ですから、実際にビジネスをやろうと思ったら、そういう方にも気を付けていかなければいけないのですけれども、まだまだマーケットはそんな段階ではなくて、そういう方すらまだ少ないです。ですから、そういう方にももっとM&Aに興味を持っていただいて、潜在需要を顕在化していかないといけないというのが、今のM&Aマーケットの実情かと思います。
では、なぜ今まで大手のM&Aの関係の企業が商売をやってこられたのかというと、これは先取りになってしまいますが、マーケットというのは、こういう感じです。

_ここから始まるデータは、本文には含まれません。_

lemma two_step_energy_le_split:
  assumes [measurable]: "g \<in> borel_measurable M" "m \<in> borel_measurable M"
  shows "two_step_energy M p g
    \<le> 2 * (\<integral>\<^sup>+x. \<integral>\<^sup>+y. \<integral>\<^sup>+z. ennreal (p x z) * ennreal (p y z) * ennreal ((g x - m z)^2) \<partial>M \<partial>M \<partial>M)
     + 2 * (\<integral>\<^sup>+x. \<integral>\<^sup>+y. \<integral>\<^sup>+z. ennreal (p x z) * ennreal (p y z) * ennreal ((g y - m z)^2) \<partial>M \<partial>M \<partial>M)"
proof -
  let ?T = "(M \<Otimes>\<^sub>M M) \<Otimes>\<^sub>M M"
  define K where "K x y z = ennreal (p x z) * ennreal (p y z)" for x y z
  have [measurable]: "(\<lambda>u. K (fst (fst u)) (snd (fst u)) (snd u)) \<in> borel_measurable ?T"
    unfolding K_def by measurable
  have "two_step_energy M p g
     \<le> (\<integral>\<^sup>+x. \<integral>\<^sup>+y. \<integral>\<^sup>+z. 2 * (K x y z * ennreal ((g x - m z)^2)) + 2 * (K x y z * ennreal ((g y - m z)^2)) \<partial>M \<partial>M \<partial>M)"
    unfolding two_step_energy_def K_def[symmetric]
  proof (intro nn_integral_mono)
    fix x y z
    have "ennreal ((g y - g x)^2) \<le> ennreal (2 * (g x - m z)^2 + 2 * (g y - m z)^2)"
      using power2_diff_le_sum[of "g y" "g x" "m z"] by (rule ennreal_leI)
    also have "\<dots> = 2 * ennreal ((g x - m z)^2) + 2 * ennreal ((g y - m z)^2)"
      by (simp add: ennreal_plus ennreal_mult)
    finally have "K x y z * ennreal ((g y - g x)^2)
        \<le> K x y z * (2 * ennreal ((g x - m z)^2) + 2 * ennreal ((g y - m z)^2))"
      by (rule mult_left_mono) simp
    then show "K x y z * ennreal ((g y - g x)^2)
        \<le> 2 * (K x y z * ennreal ((g x - m z)^2)) + 2 * (K x y z * ennreal ((g y - m z)^2))"
      by (simp add: distrib_left mult_ac)
  qed
  also have "\<dots> = 2 * (\<integral>\<^sup>+x. \<integral>\<^sup>+y. \<integral>\<^sup>+z. K x y z * ennreal ((g x - m z)^2) \<partial>M \<partial>M \<partial>M)
                + 2 * (\<integral>\<^sup>+x. \<integral>\<^sup>+y. \<integral>\<^sup>+z. K x y z * ennreal ((g y - m z)^2) \<partial>M \<partial>M \<partial>M)"
    by (simp add: nn_integral_iterated3 nn_integral_add nn_integral_cmult)
  finally show ?thesis unfolding K_def .
qed

lemma two_step_centered_eq_conditional:
  assumes [measurable]: "g \<in> borel_measurable M" "m \<in> borel_measurable M"
  shows "(\<integral>\<^sup>+x. \<integral>\<^sup>+y. \<integral>\<^sup>+z. ennreal (p x z) * ennreal (p y z) * ennreal ((g x - m z)^2) \<partial>M \<partial>M \<partial>M)
       = (\<integral>\<^sup>+z. \<integral>\<^sup>+x. ennreal (p z x) * ennreal ((g x - m z)^2) \<partial>M \<partial>M)"
proof -
  define W where "W z = (\<integral>\<^sup>+x. ennreal (p x z) * ennreal ((g x - m z)^2) \<partial>M)" for z
  have [measurable]: "W \<in> borel_measurable M" unfolding W_def by measurable
  have "(\<integral>\<^sup>+x. \<integral>\<^sup>+y. \<integral>\<^sup>+z. ennreal (p x z) * ennreal (p y z) * ennreal ((g x - m z)^2) \<partial>M \<partial>M \<partial>M)
      = (\<integral>\<^sup>+x. \<integral>\<^sup>+z. \<integral>\<^sup>+y. ennreal (p x z) * ennreal (p y z) * ennreal ((g x - m z)^2) \<partial>M \<partial>M \<partial>M)"
    by (intro nn_integral_cong nn_integral_commute) measurable
  also have "\<dots> = (\<integral>\<^sup>+z. \<integral>\<^sup>+x. \<integral>\<^sup>+y. ennreal (p y z) * (ennreal (p x z) * ennreal ((g x - m z)^2)) \<partial>M \<partial>M \<partial>M)"
    by (subst nn_integral_commute) (measurable, simp add: mult_ac)
  also have "\<dots> = (\<integral>\<^sup>+z. (\<integral>\<^sup>+y. ennreal (p y z) \<partial>M) * W z \<partial>M)"
    unfolding W_def by (simp add: nn_integral_multc nn_integral_cmult)
  also have "\<dots> = (\<integral>\<^sup>+z. \<integral>\<^sup>+y. ennreal (p y z) * W z \<partial>M \<partial>M)"
    by (intro nn_integral_cong nn_integral_multc[symmetric]) measurable
  \<comment> \<open>By symmetry, the column integrals \<open>\<integral> p(y, z) dy\<close> may be replaced by the row masses \<open>1\<close>.\<close>
  also have "\<dots> = (\<integral>\<^sup>+z. \<integral>\<^sup>+y. ennreal (p z y) * W z \<partial>M \<partial>M)"
    by (rule nn_integral_kernel_swap[symmetric]) measurable
  also have "\<dots> = (\<integral>\<^sup>+z. W z \<partial>M)"
    by (intro nn_integral_cong) (simp add: nn_integral_multc kernel_mass)
  also have "\<dots> = (\<integral>\<^sup>+z. \<integral>\<^sup>+x. ennreal (p z x) * ennreal ((g x - m z)^2) \<partial>M \<partial>M)"
    unfolding W_def by (rule nn_integral_kernel_swap[symmetric]) measurable
  finally show ?thesis .
qed

lemma two_step_energy_le_conditional_variance:
  assumes [measurable]: "g \<in> borel_measurable M"
  shows "two_step_energy M p g \<le> 4 * conditional_variance M p g"
proof -
  let ?m = "markov_op M p g"
  have "(\<integral>\<^sup>+x. \<integral>\<^sup>+y. \<integral>\<^sup>+z. ennreal (p x z) * ennreal (p y z) * ennreal ((g y - ?m z)^2) \<partial>M \<partial>M \<partial>M)
      = (\<integral>\<^sup>+x. \<integral>\<^sup>+y. \<integral>\<^sup>+z. ennreal (p x z) * ennreal (p y z) * ennreal ((g x - ?m z)^2) \<partial>M \<partial>M \<partial>M)"
    by (subst nn_integral_commute) (measurable, simp add: mult_ac)
  then show ?thesis
    using two_step_energy_le_split[of g ?m]
    unfolding conditional_variance_def two_step_centered_eq_conditional[OF assms markov_op_measurable[OF assms], symmetric]
    by (simp add: distrib_right[symmetric] del: distrib_right)
qed

end

locale markov_poincare_space =
  fixes M :: "'a::metric_space measure"
    and p :: "'a \<Rightarrow> 'a \<Rightarrow> real"
    and b h h' :: real
  assumes mms: "metric_measure_space M"
    and b_pos: "0 < b"
    and quasi_geodesic: "quasi_b_geodesic b TYPE('a)"
    and local_doubling: "VD_loc M" and doubling_at_infinity: "VD_infty M"
    and poincare: "poincare_h M h"
    and markov: "markov_kernel M p"
    and compat: "compatible M p h h'"
    and b_less_h: "h > b"
begin

lemma sets_M[measurable_cong]: "sets M = sets borel"
  using mms unfolding metric_measure_space_def radon_full_support_def by auto

lemma space_M[simp]: "space M = UNIV"
  using sets_eq_imp_space_eq[OF sets_M] by simp

lemma cball_in_sets[measurable]: "cball x r \<in> sets M"
  by (simp add: sets_M)

lemma h_pos: "0 < h" and h'_pos: "0 < h'" and h_le_h': "h \<le> h'"
  using b_pos b_less_h compat unfolding compatible_def by auto

lemma measure_cball_h'_pos: "0 < measure M (cball x h')"
  \<comment> \<open>Otherwise the upper kernel bound \<open>C1 / 0 = 0\<close> would force \<open>p x = 0\<close> almost everywhere.\<close>
proof (rule ccontr)
  assume "\<not> 0 < measure M (cball x h')"
  then have zero: "measure M (cball x h') = 0" using measure_nonneg[of M] by (meson not_less order_antisym)
  obtain c1 C1 where "\<forall>x. AE y in M. c1 / measure M (cball x h) * indicator (cball x h) y \<le> p x y \<and>
      p x y \<le> C1 / measure M (cball x h') * indicator (cball x h') y"
    using compat unfolding compatible_def by blast
  then have "AE y in M. p x y \<le> 0"
    by (rule allE[of _ x]) (auto elim!: eventually_mono simp: zero)
  then have "AE y in M. ennreal (p x y) = 0"
    by eventually_elim (simp add: ennreal_eq_0_iff)
  then have "(\<integral>\<^sup>+y. ennreal (p x y) \<partial>M) = 0" by (simp add: nn_integral_cong_AE)
  then show False using markov by (simp add: markov_kernel_def)
qed

lemma emeasure_cball_finite: "emeasure M (cball x r) < \<infinity>"
proof -
  \<comment> \<open>\<open>measure\<close> vanishes on sets of infinite measure, so \<open>measure_cball_h'_pos\<close> gives finiteness at
    radius \<open>h'\<close>; \<open>(VD)\<^sub>l\<^sub>o\<^sub>c\<close> propagates it to all radii.\<close>
  have "emeasure M (cball x (2^k * h')) < \<infinity>" for k :: nat
  proof (induction k)
    case 0
    then show ?case
      using measure_cball_h'_pos[of x] unfolding measure_def
      by (cases "emeasure M (cball x h') = \<infinity>") (auto simp: less_top)
  next
    case (Suc k)
    obtain C where "\<forall>x. V M x (2 * (2^k * h')) \<le> ennreal C * V M x (2^k * h')"
      using local_doubling h'_pos unfolding VD_loc_def by (metis zero_less_power zero_less_numeral mult_pos_pos)
    then have "emeasure M (cball x (2^Suc k * h')) \<le> ennreal C * emeasure M (cball x (2^k * h'))"
      unfolding V_def by (simp add: mult.assoc)
    also have "\<dots> < \<infinity>" using Suc by (simp add: ennreal_mult_less_top)
    finally show ?case .
  qed
  moreover obtain k :: nat where "r / h' < 2^k" using real_arch_pow[of 2 "r/h'"] by auto
  then have "emeasure M (cball x r) \<le> emeasure M (cball x (2^k * h'))"
    using h'_pos by (intro emeasure_mono) (auto simp: divide_less_eq)
  ultimately show ?thesis by (meson le_less_trans)
qed

lemma fmeasurable_cball[simp]: "cball x r \<in> fmeasurable M"
  using emeasure_cball_finite by (auto simp: fmeasurable_def)

lemma emeasure_cball: "emeasure M (cball x r) = ennreal (measure M (cball x r))"
  using emeasure_cball_finite[of x r] by (simp add: emeasure_eq_ennreal_measure less_top)

lemma measure_cball_pos: "0 < r \<Longrightarrow> 0 < measure M (cball x r)"
proof -
  assume "0 < r"
  then have "0 < emeasure M (ball x r)"
    using mms unfolding metric_measure_space_def radon_full_support_def by auto
  also have "\<dots> \<le> emeasure M (cball x r)" by (intro emeasure_mono) (auto simp: sets_M)
  finally show ?thesis by (simp add: emeasure_cball)
qed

これは売買金額で、M&Aをするとき、会社を買収するときにいくらで売買されるかというところを金額にしています。10億円以上と言っていますが、10億円以上のマーケットというのは、かつてのM&Aのマーケットの中で言うと小ぶりな案件です。相当小ぶりです。全然、すごく大きいという話ではないです。
かつては、本当にこの辺ばかりやっていました。100億円とか1千億円というところを、一発狙いでずっとやっていました。レコフという会社も、ずっとそこを狙ってやっていました。ただ、今はそんなに景気も良くないですし、そんな案件を次から次へと扱えるわけがないです。でも、M&Aというのは売り手にとっても買い手にとってもそれなりに意味があることではないかということで、日本M&Aセンターがこの辺を開拓するようになりました。ここまで来るのに20年間かかっています。

これから先は、もっともっと、こういった1億円とか、場合によっては1億円以下というところのマーケットを開拓していかなければと思います。たいていの場合、事業承継の一つの解決策としてM&Aというのは書かれていますけれども、マーケットがまだまだ育成できていませんので、このままだと交通事故に遭うか、宝くじに当たるくらいの確率でしかM&Aは起きていかないと思います。
ここのマーケットをきっちり作っていかないと、われわれの商売の話もありますが、本当に一般の方がM&Aを使ってうまく事業承継をするとか、あるいはエグジットを図るというところにたどり着きません。今は、こんな現状です。

「いや、私は聞いたことがあります。小さなマーケットで、人づてでやったところがあります」というのは、あると思います。でも、続いていないと思います。例えば、間を取りもった方が、その1件はたまたま自分のよく知っている人同士の間をつないでやったけれども、その次に2件、3件と続いていますかと言ったら、続いていません。別に悪いわけではなくて、仕組み化になっていないのです。市場ができていないのです。ですから、それを作っていかないといけないだろうなというのが私たち協会の認識で、協会を作ってきた経緯と起源になります。